Definition: Interest is a fee for borrowing an asset from a lender. It can be consider an expense to the borrower and income to the lender. In essence, interest is compensation for a service.
What Does Interest Mean?
The lender allows a borrower to use its money for a period of time in exchange for an interest payment. You can think of interest like a rent payment, but instead of renting equipment or a building you are renting money. It’s a payment for using someone else’s cash for a period of time.
Just about every note, bond, and loan from a bank charges some amount of interest. In fact, some loans are interest only. This means the payments do not go toward the principle at all. Each payment simply pays the regular interest. If additional principle payments aren’t made, the interest payments will continue forever.

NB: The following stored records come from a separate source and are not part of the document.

(* Let $\beta>0$ and let $Y_i:\mathbb{R}^+\to\mathbb{R}^{m\times(mn+2)}$, $i=1,\dots,n$, be the agents' regressors, and let $Y_{F_i}$ be the solution of $\dot Y_{F_i}=-\beta Y_{F_i}+Y_i$, $Y_{F_i}(0)=0$. If the set $\{Y_1,\dots,Y_n\}$ is collectively initially exciting, then the set $\{Y_{F_1},\dots,Y_{F_n}\}$ is collectively initially exciting.
   Context: The regressors are $Y_i(t)=\big[\ddot q_i,\; k(t)\dot q_i,\; \tfrac12 k(t)[Q_{i1}(t)I_m,\dots,Q_{in}(t)I_m]\big]$, where $q_i(t)\in\mathbb{R}^m$ are agent positions, $k(t)>0$ is a bounded gain, and $Q_{ij}(t)$ are entries of the signless Laplacian $\mathcal D(t)+\mathcal A(t)$ of the time-varying interaction graph. A set of bounded, locally integrable signals $\phi_i:\mathbb{R}^+\to\mathbb{R}^{u\times v}$, $i=1,\dots,n$, is collectively initially exciting (C-IE) if there exist constants $\bar T>0$, $\gamma>0$ such that $\int_{t_0}^{t_0+\bar T}\sum_{i=1}^n\phi_i^\top(\tau)\phi_i(\tau)\,d\tau\ge\gamma I_v$ for some $t_0\ge0$. *)

theory Defs
  imports "HOL-Analysis.Analysis"
begin

text \<open>Signals on R+ are functions real => matrix, only their values on t >= 0 matter.
  A u x v real matrix is an element of real^'v^'u (rows indexed by 'u, columns by 'v).\<close>

definition bounded_signal :: "(real \<Rightarrow> real^'v^'u) \<Rightarrow> bool" where
  "bounded_signal \<phi> \<longleftrightarrow> bounded (\<phi> ` {0..})"

definition locally_integrable_signal :: "(real \<Rightarrow> real^'v^'u) \<Rightarrow> bool" where
  "locally_integrable_signal \<phi> \<longleftrightarrow> (\<forall>a b. 0 \<le> a \<longrightarrow> \<phi> integrable_on {a..b})"

definition mat_ge_scaled_id :: "real^'v^'v \<Rightarrow> real \<Rightarrow> bool" where
  "mat_ge_scaled_id M \<gamma> \<longleftrightarrow> (\<forall>x::real^'v. \<gamma> * (x \<bullet> x) \<le> x \<bullet> (M *v x))"

definition C_IE :: "nat \<Rightarrow> (nat \<Rightarrow> real \<Rightarrow> real^'v^'u) \<Rightarrow> bool" where
  "C_IE n \<phi> \<longleftrightarrow>
     (\<forall>i\<in>{1..n}. bounded_signal (\<phi> i) \<and> locally_integrable_signal (\<phi> i)) \<and>
     (\<exists>T>0. \<exists>\<gamma>>0. \<exists>t0\<ge>0.
        mat_ge_scaled_id
          (integral {t0..t0+T} (\<lambda>\<tau>. \<Sum>i\<in>{1..n}. transpose (\<phi> i \<tau>) ** \<phi> i \<tau>)) \<gamma>)"

end

theory Submission
  imports Defs
begin

(*
  The filter dY_F/dt = -beta Y_F + Y is stable: let B bound Y. After the last time at which a
  component of Y_F is at most B/beta, the right-hand side of its equation is negative, so the
  component never exceeds B/beta; applied to the negated component as well, this bounds Y_F.
  As an indefinite integral, Y_F is also continuous.

  For the excitation, integrate the Gram matrices of the Y_F over the window [0, t0 + T]. If x were
  in the kernel of that integral, continuity would force Y_F i x = 0 on the whole window. The
  filter equation then makes every indefinite integral of Y_i x vanish there, so by Lebesgue's
  differentiation theorem Y_i x = 0 almost everywhere. Then x would also be in the kernel of the
  Gram integral of the Y_i over [t0, t0 + T], contradicting the excitation of the Y_i. So the
  integral is positive definite, and its minimum on the unit sphere is the new gamma.
*)

lemma continuous_on_if_indefinite_integral:
  fixes f :: "real \<Rightarrow> 'a::banach"
  assumes "f integrable_on {a..b}" and "\<And>t. t \<in> {a..b} \<Longrightarrow> z t = integral {a..t} f"
  shows "continuous_on {a..b} z"
  using indefinite_integral_continuous_1[OF assms(1)] by (rule continuous_on_eq) (use assms(2) in auto)

lemma locally_integrable_signal_indefinite_integral:
  fixes z g :: "real \<Rightarrow> real^'v^'u"
  assumes "\<And>t. 0 \<le> t \<Longrightarrow> g integrable_on {0..t}"
    and "\<And>t. 0 \<le> t \<Longrightarrow> z t = integral {0..t} g"
  shows "locally_integrable_signal z"
  unfolding locally_integrable_signal_def
proof (intro allI impI)
  fix a b :: real
  assume "0 \<le> a"
  show "z integrable_on {a..b}"
  proof (cases "a \<le> b")
    case True
    have "continuous_on {0..b} z"
      using assms \<open>0 \<le> a\<close> True by (intro continuous_on_if_indefinite_integral) auto
    then have "continuous_on {a..b} z"
      by (rule continuous_on_subset) (use \<open>0 \<le> a\<close> in auto)
    then show ?thesis
      by (rule integrable_continuous_interval)
  qed (simp add: integrable_on_empty)
qed

lemma filter_output_le:
  fixes z y :: "real \<Rightarrow> real"
  assumes "\<beta> > 0"
    and y_bound: "\<And>s. 0 \<le> s \<Longrightarrow> \<bar>y s\<bar> \<le> B"
    and integrable: "\<And>t. 0 \<le> t \<Longrightarrow> (\<lambda>s. - \<beta> * z s + y s) integrable_on {0..t}"
    and z: "\<And>t. 0 \<le> t \<Longrightarrow> z t = integral {0..t} (\<lambda>s. - \<beta> * z s + y s)"
    and "0 \<le> t"
  shows "z t \<le> B / \<beta>"
proof -
  define g where "g = (\<lambda>s. - \<beta> * z s + y s)"
  define S where "S = {s \<in> {0..t}. z s \<le> B / \<beta>}"
  define s0 where "s0 = Sup S"
  have "continuous_on {0..t} z"
    using integrable[OF \<open>0 \<le> t\<close>] z by (intro continuous_on_if_indefinite_integral) auto
  then have "closed S"
    unfolding S_def by (intro continuous_on_closed_Collect_le continuous_on_const) auto
  moreover have "0 \<in> S"
    using z[of 0] \<open>0 \<le> t\<close> y_bound[of 0] \<open>\<beta> > 0\<close> by (auto simp: S_def)
  moreover have bdd: "bdd_above S"
    unfolding S_def by (rule bdd_aboveI[of _ t]) auto
  ultimately have "s0 \<in> S"
    unfolding s0_def using closed_contains_Sup by blast
  then have s0: "0 \<le> s0" "s0 \<le> t" "z s0 \<le> B / \<beta>"
    by (auto simp: S_def)
  \<comment> \<open>After the last time \<open>s0\<close> at which \<open>z \<le> B / \<beta>\<close>, the right-hand side is negative.\<close>
  have g_nonpos: "g s \<le> 0" if "s \<in> {s0..t} - {s0}" for s
  proof -
    have "s \<notin> S"
      using that cSup_upper[OF _ bdd, of s] by (auto simp: s0_def)
    then have "B < \<beta> * z s"
      using that s0 \<open>\<beta> > 0\<close> by (auto simp: S_def field_simps)
    then show ?thesis
      using y_bound[of s] that s0 by (auto simp: g_def)
  qed
  have g_integrable: "g integrable_on {s0..t}"
    using s0 by (intro integrable_on_subinterval[OF integrable[OF \<open>0 \<le> t\<close>, folded g_def]]) auto
  have "integral {s0..t} g = integral {s0..t} (\<lambda>s. if s = s0 then 0 else g s)"
    by (rule integral_spike[of "{s0}"]) auto
  also have "\<dots> \<le> integral {s0..t} (\<lambda>_. 0)"
    using g_nonpos integrable_spike[OF g_integrable, of "{s0}" "\<lambda>s. if s = s0 then 0 else g s"]
    by (intro integral_le) auto
  finally have "integral {s0..t} g \<le> 0"
    by simp
  moreover have "z t = z s0 + integral {s0..t} g"
    using z[OF \<open>0 \<le> t\<close>] z[OF s0(1)] integrable[OF \<open>0 \<le> t\<close>] s0
    by (simp add: g_def Henstock_Kurzweil_Integration.integral_combine)
  ultimately show ?thesis
    using s0 by simp
qed

lemma filter_output_norm_le:
  fixes z y :: "real \<Rightarrow> 'a::euclidean_space"
  assumes "\<beta> > 0"
    and y_bound: "\<And>s. 0 \<le> s \<Longrightarrow> norm (y s) \<le> B"
    and integrable: "\<And>t. 0 \<le> t \<Longrightarrow> (\<lambda>s. - \<beta> *\<^sub>R z s + y s) integrable_on {0..t}"
    and z: "\<And>t. 0 \<le> t \<Longrightarrow> z t = integral {0..t} (\<lambda>s. - \<beta> *\<^sub>R z s + y s)"
    and "0 \<le> t"
  shows "norm (z t) \<le> DIM('a) * (B / \<beta>)"
proof -
  have component_le: "c * (z t \<bullet> b) \<le> B / \<beta>" if "b \<in> Basis" "\<bar>c\<bar> = 1" for b c
  proof -
    have L: "bounded_linear (\<lambda>v. c * (v \<bullet> b))"
      by (intro bounded_linear_const_mult bounded_linear_inner_left)
    have L_rhs: "(\<lambda>v. c * (v \<bullet> b)) \<circ> (\<lambda>s. - \<beta> *\<^sub>R z s + y s) =
        (\<lambda>s. - \<beta> * (c * (z s \<bullet> b)) + c * (y s \<bullet> b))"
      by (auto simp: algebra_simps)
    show ?thesis
    proof (rule filter_output_le[OF \<open>\<beta> > 0\<close>, where z = "\<lambda>s. c * (z s \<bullet> b)" and y = "\<lambda>s. c * (y s \<bullet> b)"])
      show "\<bar>c * (y s \<bullet> b)\<bar> \<le> B" if "0 \<le> s" for s
        using Basis_le_norm[OF \<open>b \<in> Basis\<close>, of "y s"] y_bound[OF that] \<open>\<bar>c\<bar> = 1\<close>
        by (simp add: abs_mult)
      show "(\<lambda>s. - \<beta> * (c * (z s \<bullet> b)) + c * (y s \<bullet> b)) integrable_on {0..t}" if "0 \<le> t" for t
        using integrable_linear[OF integrable[OF that] L] by (simp only: L_rhs)
      show "c * (z t \<bullet> b) = integral {0..t} (\<lambda>s. - \<beta> * (c * (z s \<bullet> b)) + c * (y s \<bullet> b))"
        if "0 \<le> t" for t
        using integral_linear[OF integrable[OF that] L] z[OF that] by (simp only: L_rhs)
    qed fact
  qed
  have "norm (z t) \<le> (\<Sum>b\<in>Basis. \<bar>z t \<bullet> b\<bar>)"
    by (rule norm_le_l1)
  also have "\<dots> \<le> DIM('a) * (B / \<beta>)"
  proof (rule sum_bounded_above)
    show "\<bar>z t \<bullet> b\<bar> \<le> B / \<beta>" if "b \<in> Basis" for b
      using component_le[OF that, of 1] component_le[OF that, of "-1"] by simp
  qed
  finally show ?thesis .
qed

lemma bounded_signal_filter_output:
  fixes z y :: "real \<Rightarrow> real^'v^'u"
  assumes "\<beta> > 0"
    and "bounded_signal y"
    and "\<And>t. 0 \<le> t \<Longrightarrow> (\<lambda>s. - \<beta> *\<^sub>R z s + y s) integrable_on {0..t}"
    and "\<And>t. 0 \<le> t \<Longrightarrow> z t = integral {0..t} (\<lambda>s. - \<beta> *\<^sub>R z s + y s)"
  shows "bounded_signal z"
proof -
  obtain B where "\<And>s. 0 \<le> s \<Longrightarrow> norm (y s) \<le> B"
    using \<open>bounded_signal y\<close> unfolding bounded_signal_def bounded_iff by auto
  then have "norm (z t) \<le> DIM(real^'v^'u) * (B / \<beta>)" if "0 \<le> t" for t
    using filter_output_norm_le[OF \<open>\<beta> > 0\<close>] assms(3,4) that by blast
  then show ?thesis
    unfolding bounded_signal_def bounded_iff by auto
qed

lemma negligible_nonzero_if_indefinite_integral_eq_0:
  fixes f :: "real \<Rightarrow> 'a::euclidean_space"
  assumes f: "f integrable_on {a..b}"
    and zero: "\<And>t. t \<in> {a..b} \<Longrightarrow> integral {a..t} f = 0"
  shows "negligible {x \<in> {a..b}. f x \<noteq> 0}"
proof -
  define g where "g = (\<lambda>x. if x \<in> {a..b} then f x else 0)"
  have "g integrable_on UNIV"
    unfolding g_def using f by (simp only: Henstock_Kurzweil_Integration.integrable_restrict_UNIV)
  then have "g integrable_on cbox c d" for c d
    by (rule integrable_on_subcbox) simp
  \<comment> \<open>Lebesgue's differentiation theorem for the indefinite integral of \<open>g\<close>\<close>
  then obtain N where N: "negligible N"
    and deriv: "\<And>x e. x \<notin> N \<Longrightarrow> 0 < e \<Longrightarrow> \<exists>d>0. \<forall>h. 0 < h \<and> h < d \<longrightarrow>
                  norm (integral (cbox x (x + h *\<^sub>R One)) g /\<^sub>R h ^ DIM(real) - g x) < e"
    by (rule integrable_ccontinuous_explicit) blast
  have vanish: "f x = 0" if x: "x \<in> {a..<b}" "x \<notin> N" for x
  proof (rule ccontr)
    assume "f x \<noteq> 0"
    then obtain d where "d > 0" and d: "\<And>h. 0 < h \<Longrightarrow> h < d \<Longrightarrow>
        norm (integral {x..x + h} g /\<^sub>R h - g x) < norm (f x)"
      using deriv[OF x(2), of "norm (f x)"] by auto
    define h where "h = min (d / 2) (b - x)"
    have h: "0 < h" "h < d" "x + h \<le> b"
      using \<open>d > 0\<close> x by (auto simp: h_def)
    have "integral {a..x} f + integral {x..x + h} f = integral {a..x + h} f"
      using x h by (intro Henstock_Kurzweil_Integration.integral_combine integrable_on_subinterval[OF f]) auto
    then have "integral {x..x + h} f = 0"
      using zero x h by simp
    moreover have "integral {x..x + h} g = integral {x..x + h} f"
      using x h by (intro integral_cong) (auto simp: g_def)
    ultimately have "integral {x..x + h} g = 0"
      by simp
    moreover have "g x = f x"
      using x by (simp add: g_def)
    ultimately show False
      using d[OF h(1,2)] by simp
  qed
  have "{x \<in> {a..b}. f x \<noteq> 0} \<subseteq> N \<union> {b}"
  proof
    fix x
    assume x: "x \<in> {x \<in> {a..b}. f x \<noteq> 0}"
    show "x \<in> N \<union> {b}"
    proof (rule ccontr)
      assume "x \<notin> N \<union> {b}"
      with x vanish[of x] show False
        by auto
    qed
  qed
  moreover have "negligible (N \<union> {b})"
    using N by simp
  ultimately show ?thesis
    by (rule negligible_subset[rotated])
qed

Interest is recorded as an expense to the borrower and income to the lender. Take Barb’s Fishing Shop for example. Barb wants to purchase a new delivery truck, but she doesn’t have enough cash to pay for it, so she gets an auto loan. Barb gets a $10,000 10 percent interest loan.
Initially, Barb records the loan by debiting cash and crediting notes payable. When the first monthly payment is due, Barb would debit notes payable for the principle amount paid, debit interest expense for the 10 percent interest charged for the period, and credit cash for the total payment amount.
The bank, on the other hand, would record Barb’s payment by debiting cash for the total payment amount, debiting notes receivable for the principle repayment, and crediting interest income for the amount of interest collected during the period.
Since interest is not typically considered an operating activity, Barb would report the interest expense on her income statement under other expenses instead of putting it under the operating expense section.